START Supplied data

lemma coeffs_eq_zero_if_conjugates_distinct:
  fixes \<theta> :: "'a::field"
  assumes "prime CHAR('a)" and "q = CHAR('a) ^ e"
    and "inj_on (\<lambda>i. \<theta> ^ (q ^ i)) {..<n}"
    and "\<forall>j<n. c j \<in> subfield_of_size q"
    and "(\<Sum>j<n. c j * \<theta> ^ j) = 0"
  shows "\<forall>j<n. c j = 0"
proof -
  txt \<open>Since \<open>x \<mapsto> x ^ q\<close> is additive and fixes the \<open>c j\<close>, every conjugate of \<open>\<theta>\<close> is a root
    of \<open>g\<close>; these are too many roots for its degree.\<close>
  define g where "g = (\<Sum>j<n. monom (c j) j)"
  have poly_g: "poly g x = (\<Sum>j<n. c j * x ^ j)" for x
    by (simp add: g_def poly_sum poly_monom)
  have roots: "poly g (\<theta> ^ (q ^ i)) = 0" for i
  proof -
    have "poly g (\<theta> ^ (q ^ i)) = (\<Sum>j<n. (c j * \<theta> ^ j) ^ (q ^ i))"
      unfolding poly_g using assms(4)
      by (intro sum.cong) (simp_all add: power_mult_distrib subfield_of_size_power_power
          flip: power_mult add: mult.commute)
    also have "\<dots> = (\<Sum>j<n. c j * \<theta> ^ j) ^ (q ^ i)"
      by (rule freshmans_dream_sum'[OF assms(1), where n = "e * i", symmetric]) (simp add: assms(2) power_mult)
    finally show ?thesis
      using assms(5) prime_gt_0_nat[OF assms(1)] by (simp add: assms(2))
  qed
  have "g = 0"
  proof (rule ccontr)
    assume "g \<noteq> 0"
    have "n = card ((\<lambda>i. \<theta> ^ (q ^ i)) ` {..<n})"
      using assms(3) by (simp add: card_image)
    also have "\<dots> \<le> card {x. poly g x = 0}"
      using roots \<open>g \<noteq> 0\<close> by (intro card_mono poly_roots_finite) auto
    also have "\<dots> \<le> degree g"
      using \<open>g \<noteq> 0\<close> by (rule card_poly_roots_bound)
    also have "degree g \<le> n - 1"
      unfolding g_def by (intro degree_sum_le) (auto intro: order.trans[OF degree_monom_le])
    finally show False
      using \<open>g \<noteq> 0\<close> by (cases n) (simp_all add: g_def)
  qed
  have "coeff g j = c j" if "j < n" for j
    using that by (simp add: g_def coeff_sum coeff_monom)
  with \<open>g = 0\<close> show ?thesis
    by simp
qed

section \<open>Computations in monoid algebras\<close>

lemma single_sum:
  "Poly_Mapping.single k (\<Sum>i\<in>A. f i) = (\<Sum>i\<in>A. Poly_Mapping.single k (f i))"
  by (induction A rule: infinite_finite_induct) (simp_all add: single_add)

lemma prod_single:
  fixes h :: "'i \<Rightarrow> 'a::comm_monoid_add" and v :: "'i \<Rightarrow> 'b::comm_semiring_1"
  assumes "finite I"
  shows "(\<Prod>i\<in>I. Poly_Mapping.single (h i) (v i)) = Poly_Mapping.single (\<Sum>i\<in>I. h i) (\<Prod>i\<in>I. v i)"
  using assms by (induction I rule: finite_induct) (simp_all add: mult_single)

lemma lookup_sum_single:
  "Poly_Mapping.lookup (\<Sum>i\<in>A. Poly_Mapping.single (h i) (v i)) x = (\<Sum>i\<in>A. if h i = x then v i else 0)"
  by (simp add: lookup_sum lookup_single when_def)

lemma lookup_of_nat_mult:
  "Poly_Mapping.lookup (of_nat n * p) x = of_nat n * Poly_Mapping.lookup p x"
  by (simp flip: single_of_nat mult_map_scale_conv_mult add: map.rep_eq when_def)

lemma lookup_prod_sum_single:
  fixes w :: "'i \<Rightarrow> 'a::ring" and v :: "'i \<Rightarrow> 'a \<Rightarrow> 'b::comm_semiring_1"
  assumes "finite I" and "finite F"
    and inj: "inj_on (\<lambda>g. \<Sum>i\<in>I. g i * w i) (PiE I (\<lambda>_. F))"
    and g: "g \<in> PiE I (\<lambda>_. F)"
  shows "Poly_Mapping.lookup (\<Prod>i\<in>I. \<Sum>c\<in>F. Poly_Mapping.single (c * w i) (v i c)) (\<Sum>i\<in>I. g i * w i)
    = (\<Prod>i\<in>I. v i (g i))"
proof -
  have "(\<Prod>i\<in>I. \<Sum>c\<in>F. Poly_Mapping.single (c * w i) (v i c))
      = (\<Sum>g'\<in>PiE I (\<lambda>_. F). Poly_Mapping.single (\<Sum>i\<in>I. g' i * w i) (\<Prod>i\<in>I. v i (g' i)))"
    using assms(1,2) by (simp add: prod_sum_PiE prod_single)
  moreover have "(\<Sum>i\<in>I. g' i * w i) = (\<Sum>i\<in>I. g i * w i) \<longleftrightarrow> g' = g"
    if "g' \<in> PiE I (\<lambda>_. F)" for g'
    using inj_onD[OF inj _ that g] by blast
  ultimately show ?thesis
    using g assms(1,2) by (simp add: lookup_sum_single sum.delta finite_PiE cong: sum.cong)
qed

lemma power_sum_single_eq_sum_lists:
  fixes f :: "'a::finite \<Rightarrow> 'm::comm_monoid_add"
  shows "(\<Sum>x\<in>UNIV. Poly_Mapping.single (f x) (1::'b::comm_semiring_1)) ^ s
    = (\<Sum>xs\<in>{xs. length xs = s}. Poly_Mapping.single (\<Sum>x\<leftarrow>xs. f x) 1)"
proof (induction s)
  case 0
  have "{xs :: 'a list. length xs = 0} = {[]}"
    by auto
  then show ?case
    by simp
next
  case (Suc s)
  have "(\<Sum>x\<in>UNIV. Poly_Mapping.single (f x) (1::'b)) ^ Suc s
      = (\<Sum>(x, xs)\<in>UNIV \<times> {xs. length xs = s}. Poly_Mapping.single (f x + (\<Sum>y\<leftarrow>xs. f y)) 1)"
    by (simp add: Suc.IH sum_product mult_single sum.cartesian_product)
  also have "\<dots> = (\<Sum>xs\<in>{xs. length xs = Suc s}. Poly_Mapping.single (\<Sum>x\<leftarrow>xs. f x) 1)"
    by (rule sum.reindex_bij_witness[of _ "\<lambda>ys. (hd ys, tl ys)" "\<lambda>(x, xs). x # xs"])
      (auto simp: length_Suc_conv)
  finally show ?case .
qed

lemma card_lists_sum_eq_lookup_power:
  fixes f :: "'a::finite \<Rightarrow> 'm::comm_monoid_add"
  shows "of_nat (card {xs. length xs = s \<and> (\<Sum>x\<leftarrow>xs. f x) = y})
    = Poly_Mapping.lookup ((\<Sum>x\<in>UNIV. Poly_Mapping.single (f x) (1::'b::comm_semiring_1)) ^ s) y"
proof -
  have "finite {xs :: 'a list. length xs = s}"
    using finite_lists_length_eq[of "UNIV :: 'a set" s] by simp
  then show ?thesis
    by (simp add: power_sum_single_eq_sum_lists lookup_sum_single sum.If_cases Int_def conj_commute)
qed

section \<open>The multinomial theorem\<close>

lemma prod_fun_upd_atLeastAtMost_Suc:
  "(\<Prod>i=1..Suc m. f i ((rs(Suc m := t)) i)) = (\<Prod>i=1..m. f i (rs i)) * (f (Suc m) t :: 'b::comm_monoid_mult)"
proof -
  have "(\<Prod>i=1..m. f i ((rs(Suc m := t)) i)) = (\<Prod>i=1..m. f i (rs i))"
    by (rule prod.cong) auto
  then show ?thesis
    by simp
qed

lemma sum_fun_upd_atLeastAtMost_Suc:
  "(\<Sum>i=1..Suc m. (rs(Suc m := t)) i) = (\<Sum>i=1..m. rs i) + (t :: 'b::comm_monoid_add)"
proof -
  have "(\<Sum>i=1..m. (rs(Suc m := t)) i) = (\<Sum>i=1..m. rs i)"
    by (rule sum.cong) auto
  then show ?thesis
    by simp
qed

lemma compositions_0: "compositions 0 r = (if r = 0 then {\<lambda>_. 0} else {})"
  by (auto simp: compositions_def)

lemma bij_betw_compositions_Suc:
  "bij_betw (\<lambda>(t, rs). rs(Suc m := t)) (SIGMA t:{..r}. compositions m (r - t)) (compositions (Suc m) r)"
proof (rule bij_betw_byWitness[where f' = "\<lambda>rs. (rs (Suc m), rs(Suc m := 0))"])
  show "\<forall>x\<in>SIGMA t:{..r}. compositions m (r - t). (\<lambda>rs. (rs (Suc m), rs(Suc m := 0))) ((\<lambda>(t, rs). rs(Suc m := t)) x) = x"
    by (auto simp: compositions_def)
  show "(\<lambda>(t, rs). rs(Suc m := t)) ` (SIGMA t:{..r}. compositions m (r - t)) \<subseteq> compositions (Suc m) r"
    by (auto simp: compositions_def sum_fun_upd_atLeastAtMost_Suc)
  show "(\<lambda>rs. (rs (Suc m), rs(Suc m := 0))) ` compositions (Suc m) r \<subseteq> (SIGMA t:{..r}. compositions m (r - t))"
  proof (rule image_subsetI)
    fix rs assume rs: "rs \<in> compositions (Suc m) r"
    have "(\<Sum>i=1..Suc m. rs i) = (\<Sum>i=1..m. (rs(Suc m := 0)) i) + rs (Suc m)"
      using sum_fun_upd_atLeastAtMost_Suc[where rs = "rs(Suc m := 0)" and t = "rs (Suc m)"] by simp
    with rs show "(rs (Suc m), rs(Suc m := 0)) \<in> (SIGMA t:{..r}. compositions m (r - t))"
      by (auto simp: compositions_def)
  qed
qed auto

END Supplied data

Lines from the one containing "proof (rule image_subsetI)" to the last line above, both included: copy these exactly and write nothing else.

* [Result for this task]:
  proof (rule image_subsetI)
    fix rs assume rs: "rs \<in> compositions (Suc m) r"
    have "(\<Sum>i=1..Suc m. rs i) = (\<Sum>i=1..m. (rs(Suc m := 0)) i) + rs (Suc m)"
      using sum_fun_upd_atLeastAtMost_Suc[where rs = "rs(Suc m := 0)" and t = "rs (Suc m)"] by simp
    with rs show "(rs (Suc m), rs(Suc m := 0)) \<in> (SIGMA t:{..r}. compositions m (r - t))"
      by (auto simp: compositions_def)
  qed
qed auto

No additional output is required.